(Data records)

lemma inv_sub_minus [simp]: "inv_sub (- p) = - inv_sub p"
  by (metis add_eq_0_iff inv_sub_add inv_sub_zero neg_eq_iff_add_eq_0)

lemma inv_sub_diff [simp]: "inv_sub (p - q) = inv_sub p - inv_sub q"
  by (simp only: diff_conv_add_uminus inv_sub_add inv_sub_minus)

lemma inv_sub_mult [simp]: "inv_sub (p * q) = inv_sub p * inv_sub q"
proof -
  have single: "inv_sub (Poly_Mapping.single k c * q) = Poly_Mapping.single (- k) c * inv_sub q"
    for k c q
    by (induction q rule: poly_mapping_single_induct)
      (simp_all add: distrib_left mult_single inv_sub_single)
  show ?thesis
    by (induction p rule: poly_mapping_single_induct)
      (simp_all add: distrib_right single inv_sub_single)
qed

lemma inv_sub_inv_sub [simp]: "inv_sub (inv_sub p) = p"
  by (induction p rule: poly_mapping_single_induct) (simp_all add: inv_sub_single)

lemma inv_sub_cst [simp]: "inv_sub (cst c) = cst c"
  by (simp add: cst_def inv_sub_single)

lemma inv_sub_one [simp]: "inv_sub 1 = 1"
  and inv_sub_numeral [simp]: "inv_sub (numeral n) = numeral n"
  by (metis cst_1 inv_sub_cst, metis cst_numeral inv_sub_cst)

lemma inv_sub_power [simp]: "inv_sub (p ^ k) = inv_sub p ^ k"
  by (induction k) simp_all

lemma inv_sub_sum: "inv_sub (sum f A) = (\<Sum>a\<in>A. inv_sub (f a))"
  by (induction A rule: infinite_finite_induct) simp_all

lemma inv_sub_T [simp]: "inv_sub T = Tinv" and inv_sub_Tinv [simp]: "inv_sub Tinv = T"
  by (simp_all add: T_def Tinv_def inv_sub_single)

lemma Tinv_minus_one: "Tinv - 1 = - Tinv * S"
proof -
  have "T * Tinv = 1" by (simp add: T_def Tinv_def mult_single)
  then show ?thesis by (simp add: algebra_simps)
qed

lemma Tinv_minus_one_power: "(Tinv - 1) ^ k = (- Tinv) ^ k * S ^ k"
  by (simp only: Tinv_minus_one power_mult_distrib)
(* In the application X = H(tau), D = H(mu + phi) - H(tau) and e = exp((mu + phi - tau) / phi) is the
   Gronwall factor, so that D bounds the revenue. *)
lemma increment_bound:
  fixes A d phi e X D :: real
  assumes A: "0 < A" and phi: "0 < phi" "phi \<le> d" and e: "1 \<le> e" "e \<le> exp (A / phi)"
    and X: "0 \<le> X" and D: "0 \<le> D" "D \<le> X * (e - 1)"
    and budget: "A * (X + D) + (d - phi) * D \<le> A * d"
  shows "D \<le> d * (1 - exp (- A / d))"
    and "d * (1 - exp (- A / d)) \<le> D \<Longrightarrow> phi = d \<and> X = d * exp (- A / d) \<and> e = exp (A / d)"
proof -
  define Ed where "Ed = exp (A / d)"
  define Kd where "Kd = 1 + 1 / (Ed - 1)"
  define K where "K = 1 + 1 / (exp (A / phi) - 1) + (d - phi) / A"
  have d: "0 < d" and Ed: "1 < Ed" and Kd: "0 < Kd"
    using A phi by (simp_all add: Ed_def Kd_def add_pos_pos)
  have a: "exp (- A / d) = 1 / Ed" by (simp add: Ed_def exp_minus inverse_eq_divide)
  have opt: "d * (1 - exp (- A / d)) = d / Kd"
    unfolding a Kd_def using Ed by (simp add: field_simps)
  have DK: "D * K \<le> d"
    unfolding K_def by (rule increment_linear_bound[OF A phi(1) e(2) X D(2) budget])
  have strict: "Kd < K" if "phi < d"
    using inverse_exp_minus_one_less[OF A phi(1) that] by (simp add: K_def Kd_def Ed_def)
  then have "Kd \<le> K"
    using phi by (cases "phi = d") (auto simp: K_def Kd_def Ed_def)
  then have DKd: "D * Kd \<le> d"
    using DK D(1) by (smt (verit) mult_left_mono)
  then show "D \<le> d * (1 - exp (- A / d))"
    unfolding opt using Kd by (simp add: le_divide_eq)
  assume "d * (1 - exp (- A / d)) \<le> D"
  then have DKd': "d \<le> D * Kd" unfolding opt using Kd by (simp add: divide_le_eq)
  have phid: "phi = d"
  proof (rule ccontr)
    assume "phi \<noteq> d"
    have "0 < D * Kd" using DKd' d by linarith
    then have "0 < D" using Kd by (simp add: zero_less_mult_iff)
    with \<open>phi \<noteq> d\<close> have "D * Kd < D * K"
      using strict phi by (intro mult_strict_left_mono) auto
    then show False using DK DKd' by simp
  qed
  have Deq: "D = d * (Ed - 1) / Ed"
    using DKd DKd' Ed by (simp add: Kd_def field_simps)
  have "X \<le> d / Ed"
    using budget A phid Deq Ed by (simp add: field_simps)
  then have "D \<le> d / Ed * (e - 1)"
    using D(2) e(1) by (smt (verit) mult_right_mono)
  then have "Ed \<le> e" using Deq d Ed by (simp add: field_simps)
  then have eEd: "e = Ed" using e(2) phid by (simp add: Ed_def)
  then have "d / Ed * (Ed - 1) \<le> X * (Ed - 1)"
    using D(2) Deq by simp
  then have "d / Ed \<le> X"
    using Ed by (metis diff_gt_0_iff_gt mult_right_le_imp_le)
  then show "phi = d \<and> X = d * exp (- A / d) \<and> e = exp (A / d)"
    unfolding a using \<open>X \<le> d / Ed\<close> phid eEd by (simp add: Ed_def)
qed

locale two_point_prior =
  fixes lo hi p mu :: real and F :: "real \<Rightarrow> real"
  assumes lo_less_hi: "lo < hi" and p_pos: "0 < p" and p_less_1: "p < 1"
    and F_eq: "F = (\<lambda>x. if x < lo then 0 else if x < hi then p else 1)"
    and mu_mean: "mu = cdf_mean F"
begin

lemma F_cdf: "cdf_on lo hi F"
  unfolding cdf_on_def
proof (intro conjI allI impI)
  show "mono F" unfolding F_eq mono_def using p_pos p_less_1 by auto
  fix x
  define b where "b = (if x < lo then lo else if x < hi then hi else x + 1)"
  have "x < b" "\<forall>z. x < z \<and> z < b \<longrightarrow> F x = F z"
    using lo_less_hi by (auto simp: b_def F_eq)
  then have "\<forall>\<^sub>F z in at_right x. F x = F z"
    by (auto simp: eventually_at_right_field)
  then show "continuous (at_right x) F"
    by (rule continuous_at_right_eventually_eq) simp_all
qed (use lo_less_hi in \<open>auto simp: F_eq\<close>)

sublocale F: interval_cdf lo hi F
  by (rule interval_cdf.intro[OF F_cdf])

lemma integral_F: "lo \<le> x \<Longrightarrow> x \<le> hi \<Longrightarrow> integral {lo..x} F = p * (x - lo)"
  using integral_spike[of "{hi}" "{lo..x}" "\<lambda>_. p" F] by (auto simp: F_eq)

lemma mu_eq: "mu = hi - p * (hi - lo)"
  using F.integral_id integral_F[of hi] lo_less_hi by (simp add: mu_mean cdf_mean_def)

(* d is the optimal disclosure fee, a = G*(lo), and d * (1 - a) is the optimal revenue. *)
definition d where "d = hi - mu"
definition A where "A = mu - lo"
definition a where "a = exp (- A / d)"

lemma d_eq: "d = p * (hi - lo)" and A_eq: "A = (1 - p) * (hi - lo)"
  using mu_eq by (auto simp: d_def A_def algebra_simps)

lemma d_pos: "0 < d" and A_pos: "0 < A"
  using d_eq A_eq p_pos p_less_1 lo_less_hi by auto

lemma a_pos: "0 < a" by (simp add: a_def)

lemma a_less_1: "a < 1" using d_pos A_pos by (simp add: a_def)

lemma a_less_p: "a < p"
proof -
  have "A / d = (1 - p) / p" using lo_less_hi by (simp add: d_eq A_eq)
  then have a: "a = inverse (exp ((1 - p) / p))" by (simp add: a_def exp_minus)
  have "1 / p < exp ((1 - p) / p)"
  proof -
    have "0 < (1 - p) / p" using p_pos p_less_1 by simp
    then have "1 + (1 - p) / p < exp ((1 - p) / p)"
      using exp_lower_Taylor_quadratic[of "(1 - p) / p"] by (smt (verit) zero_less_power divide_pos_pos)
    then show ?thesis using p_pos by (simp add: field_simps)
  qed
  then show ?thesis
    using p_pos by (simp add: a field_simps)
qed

### What you have to do
Which lines belong in the answer? Exactly those from the first line of the entries through the line holding "k) = inv_sub", inclusive, copied unchanged.

### Answer section
lemma inv_sub_minus [simp]: "inv_sub (- p) = - inv_sub p"
  by (metis add_eq_0_iff inv_sub_add inv_sub_zero neg_eq_iff_add_eq_0)

lemma inv_sub_diff [simp]: "inv_sub (p - q) = inv_sub p - inv_sub q"
  by (simp only: diff_conv_add_uminus inv_sub_add inv_sub_minus)

lemma inv_sub_mult [simp]: "inv_sub (p * q) = inv_sub p * inv_sub q"
proof -
  have single: "inv_sub (Poly_Mapping.single k c * q) = Poly_Mapping.single (- k) c * inv_sub q"
    for k c q
    by (induction q rule: poly_mapping_single_induct)
      (simp_all add: distrib_left mult_single inv_sub_single)
  show ?thesis
    by (induction p rule: poly_mapping_single_induct)
      (simp_all add: distrib_right single inv_sub_single)
qed

lemma inv_sub_inv_sub [simp]: "inv_sub (inv_sub p) = p"
  by (induction p rule: poly_mapping_single_induct) (simp_all add: inv_sub_single)

lemma inv_sub_cst [simp]: "inv_sub (cst c) = cst c"
  by (simp add: cst_def inv_sub_single)

lemma inv_sub_one [simp]: "inv_sub 1 = 1"
  and inv_sub_numeral [simp]: "inv_sub (numeral n) = numeral n"
  by (metis cst_1 inv_sub_cst, metis cst_numeral inv_sub_cst)

lemma inv_sub_power [simp]: "inv_sub (p ^ k) = inv_sub p ^ k"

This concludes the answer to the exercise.